So I don’t have kids…yet. I haven’t been in a hurry and to be honest I look at everyone around me who has kids and I think, ‘Wow, this is a whole another type of lifestyle …And some of ya’ll seem miserable.’
When you don’t have children, people can say some of the craziest and most inappropriate things. Moreover, if you are in a serious relationship, there is always the expectation that you should be in a hurry to be a mother. While that may be the case for some, there are many women who may not desire children, they may be waiting for the right person or the right time to have children, or they could be having fertility issues. Unfortunately, the pressure in our society for women to have children is insane and the idea that real womanhood equates to traditional motherhood is not fair.
Since I’ve heard some interesting comments from people around the topic of my future motherhood, in this post I share some of the off the wall questions and statements people have said to me.
Check it out below!
1) The person finds out you are in a serious relationship or you’re married, so they immediately ask, “Do you have kids?” When you say, “No, not yet,” they continue with questions, “Are you trying?”
If you are my friend or family member, it’s cool for us to discuss my desire to have children maybe once, even twice, but when that’s all you want to talk about, it’s a tad bit annoying.
I have a friend who I don’t see very often, but every blue moon when we talk on the phone, she always asks the same question about children–over and over again.
Why are people so obsessed with women having babies? Are you going to be around when I need a babysitter, probably not?
Moreover, if you don’t know someone personally, it’s none of your business as to why they don’t have or don’t want kids.
2) When you turn a certain age people begin to panic about your biological clock. “You better start having kids! You know a woman begins losing her eggs by age 30? You better not wait too long.”
I was in my twenties the first time someone told me this—it was actually my boss at the time.
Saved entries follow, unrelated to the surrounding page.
lemma convex_hull_eq_Union_Diff:
  "convex hull X = (\<Union>p\<in>{x\<in>X. lam x > 0}. convex hull (X - {p}))"
proof
  show "(\<Union>p\<in>{x\<in>X. lam x > 0}. convex hull (X - {p})) \<subseteq> convex hull X"
    by (intro UN_least hull_mono) auto
next
  let ?S = "{x\<in>X. lam x > 0}"
  have "?S \<noteq> {}"
  proof
    assume "?S = {}"
    then have "\<forall>x\<in>X. 0 \<le> - lam x"
      by force
    moreover have "sum (\<lambda>x. - lam x) X = 0"
      using sum_lam by (simp add: sum_negf)
    ultimately show False
      using sum_nonneg_eq_0_iff[OF finite_X, of "\<lambda>x. - lam x"] lam_nonzero by auto
  qed
  show "convex hull X \<subseteq> (\<Union>p\<in>?S. convex hull (X - {p}))"
  proof
    fix y assume "y \<in> convex hull X"
    then obtain u where u: "\<forall>x\<in>X. 0 \<le> u x" "sum u X = 1" "(\<Sum>x\<in>X. u x *\<^sub>R x) = y"
      using convex_hull_Diff_finite_iff[OF finite_X, of y "{}"] by auto
    \<comment> \<open>Move from u along the dependence until the first weight on the positive side vanishes.\<close>
    define t where "t = Min ((\<lambda>x. u x / lam x) ` ?S)"
    have "t \<in> (\<lambda>x. u x / lam x) ` ?S"
      unfolding t_def using \<open>?S \<noteq> {}\<close> finite_X by (intro Min_in) auto
    then obtain p where p: "p \<in> ?S" "t = u p / lam p"
      by blast
    have t_le: "t \<le> u x / lam x" if "x \<in> ?S" for x
      unfolding t_def using that finite_X by (intro Min_le) auto
    define v where "v x = u x - t * lam x" for x
    have "0 \<le> v x" if "x \<in> X" for x
    proof (cases "lam x > 0")
      case True
      then show ?thesis
        using t_le[of x] that by (simp add: v_def pos_le_divide_eq)
    next
      case False
      moreover have "0 \<le> t"
        using p u(1) by auto
      ultimately have "t * lam x \<le> 0"
        by (simp add: mult_nonneg_nonpos)
      moreover have "0 \<le> u x"
        using u(1) that by blast
      ultimately show ?thesis
        by (simp add: v_def)
    qed
    moreover have "v p = 0"
      using p by (simp add: v_def)
    moreover have "sum v X = 1"
      using u(2) sum_lam by (simp add: v_def sum_subtractf sum_distrib_left[symmetric])
    moreover have "(\<Sum>x\<in>X. v x *\<^sub>R x) = y"
      using u(3) sum_mult_lam_scaleR by (simp add: v_def scaleR_diff_left sum_subtractf)
    ultimately have "y \<in> convex hull (X - {p})"
      using convex_hull_Diff_finite_iff[OF finite_X] by blast
    then show "y \<in> (\<Union>p\<in>?S. convex hull (X - {p}))"
      using p by blast
  qed
qed
(* Let $G$ be a BDH graph with no universal vertex and let $v\in V(G)$. Then one of the following holds: (1) $\mathbf{H}(G-v)$ has more connected components than $\mathbf{H}(G)$; (2) $\mathbf{H}(G-v)$ is (isomorphic to) an induced subgraph of $\mathbf{H}(G)$; (3) $\mathbf{H}(G-v)$ is (isomorphic to) a contraction of $\mathbf{H}(G)$, i.e., obtained from it by contracting arcs.
   Context: For a bipartite graph $G$ with color classes $X,Y$, a biclique is a vertex set inducing a complete bipartite subgraph, with shores $X(B)=B\cap X$, $Y(B)=B\cap Y$; $\mathcal{B}(G)$ is the set of maximal bicliques ordered by $B\preceq B'\iff X(B)\subseteq X(B')$, and $\mathbf{H}(G)$ is the transitive reduction of $(\mathcal{B}(G),\preceq)$ (arc $(B,B')$ iff $B'$ covers $B$). A graph is distance hereditary if distances in every connected induced subgraph equal distances in the graph; BDH means bipartite distance hereditary (equivalently: bipartite, no induced chordless cycle of length $\ge6$, no induced domino, a domino being $C_6$ plus a chord between antipodal vertices). A universal vertex is adjacent to all vertices of the opposite color class. *)

theory Defs
  imports Main "HOL-Library.Extended_Nat"
begin

definition bipartite_graph :: "'a set \<Rightarrow> 'a set \<Rightarrow> ('a \<times> 'a) set \<Rightarrow> bool" where
  "bipartite_graph X Y E \<longleftrightarrow> finite X \<and> finite Y \<and> X \<inter> Y = {} \<and> E \<subseteq> X \<times> Y"

definition adj :: "('a \<times> 'a) set \<Rightarrow> 'a \<Rightarrow> 'a \<Rightarrow> bool" where
  "adj E u w \<longleftrightarrow> (u, w) \<in> E \<or> (w, u) \<in> E"

definition is_walk_in :: "('a \<times> 'a) set \<Rightarrow> 'a set \<Rightarrow> 'a list \<Rightarrow> bool" where
  "is_walk_in E S p \<longleftrightarrow> p \<noteq> [] \<and> set p \<subseteq> S \<and>
     (\<forall>i. Suc i < length p \<longrightarrow> adj E (p ! i) (p ! Suc i))"

text \<open>Distance between u and w in the subgraph induced by S (infinity if no walk).\<close>
definition gdist :: "('a \<times> 'a) set \<Rightarrow> 'a set \<Rightarrow> 'a \<Rightarrow> 'a \<Rightarrow> enat" where
  "gdist E S u w = Inf {enat (length p - 1) | p. is_walk_in E S p \<and> hd p = u \<and> last p = w}"

definition connected_in :: "('a \<times> 'a) set \<Rightarrow> 'a set \<Rightarrow> bool" where
  "connected_in E S \<longleftrightarrow> (\<forall>u\<in>S. \<forall>w\<in>S. \<exists>p. is_walk_in E S p \<and> hd p = u \<and> last p = w)"

definition distance_hereditary :: "'a set \<Rightarrow> ('a \<times> 'a) set \<Rightarrow> bool" where
  "distance_hereditary V E \<longleftrightarrow>
     (\<forall>S \<subseteq> V. connected_in E S \<longrightarrow> (\<forall>u\<in>S. \<forall>w\<in>S. gdist E S u w = gdist E V u w))"

definition BDH :: "'a set \<Rightarrow> 'a set \<Rightarrow> ('a \<times> 'a) set \<Rightarrow> bool" where
  "BDH X Y E \<longleftrightarrow> bipartite_graph X Y E \<and> distance_hereditary (X \<union> Y) E"

definition has_universal_vertex :: "'a set \<Rightarrow> 'a set \<Rightarrow> ('a \<times> 'a) set \<Rightarrow> bool" where
  "has_universal_vertex X Y E \<longleftrightarrow>
     (\<exists>x\<in>X. \<forall>y\<in>Y. (x, y) \<in> E) \<or> (\<exists>y\<in>Y. \<forall>x\<in>X. (x, y) \<in> E)"

definition del_edges :: "('a \<times> 'a) set \<Rightarrow> 'a \<Rightarrow> ('a \<times> 'a) set" where
  "del_edges E v = {e \<in> E. fst e \<noteq> v \<and> snd e \<noteq> v}"

definition biclique :: "'a set \<Rightarrow> 'a set \<Rightarrow> ('a \<times> 'a) set \<Rightarrow> 'a set \<Rightarrow> bool" where
  "biclique X Y E B \<longleftrightarrow> B \<subseteq> X \<union> Y \<and> B \<inter> X \<noteq> {} \<and> B \<inter> Y \<noteq> {} \<and>
     (\<forall>x\<in>B \<inter> X. \<forall>y\<in>B \<inter> Y. (x, y) \<in> E)"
While I didn’t freak out, I did think to myself, ‘Did she really just say this?’
What people don’t realize is that for those women who want kids, they too have heard the scary studies, personal stories from loved ones, the gentle or not so gentle reminders from their OB/GYNs, etc. So your overwhelming yearning to share the gloomy what ifs ain’t always welcomed.
3) If you don’t have kids, sometimes it’s not so thrilling to go to every kid in your life’s celebratory events. When you get invited to a birthday party, you may search for a niece or nephew to take because it’s simply more fun to bring a kid to a kid party.
Note that if your friend or family member does participate in any type of celebration (and they don’t have kids), just be grateful. Don’t make them feel awkward and definitely don’t say tacky things like, “I can’t wait until you have kids. You always buy my kids toys that make noise…or toys that take forever to assemble. I can’t wait to do the same thing to you.”
Someone told me that recently. It caught me sooo off guard. I thought, ‘What? Are you really that reckless with your comments?’
When people who don’t have kids participate in your kid’s events and buy them gifts, please don’t complain. The worst thing you can do is judge their actions when they have taken the time, effort, and money to celebrate your little one with a gesture of love.
Parents who make statements like this should put themselves in the shoes of people with no kids. They owe you nothing. Moreover, if this person is actively participating in the lives of a large community of friends or family with children, please just hush…immediately.
4) While I understand that parenthood changes your world and it is a ton of responsibilities, I don’t get why some parents like to throw it in childfree people’s faces. I don’t how many times I have heard, “I’m so ______(fill in the blank…tired, busy, stressed, etc). You just don’t understand. You will once you have kids.”
When parents make these statements, you forget that you chose this life. It’s unnecessary to throw it in people’s faces that they don’t understand. They have responsibilities too. They feel busy, tired, and stressed too. It’s just unrelated to parenthood.
It’s important that people remember that individuals without kids live fulfilled, yet complicated lives too. We are all living life. Being a parent doesn’t make your life better or worse than mine.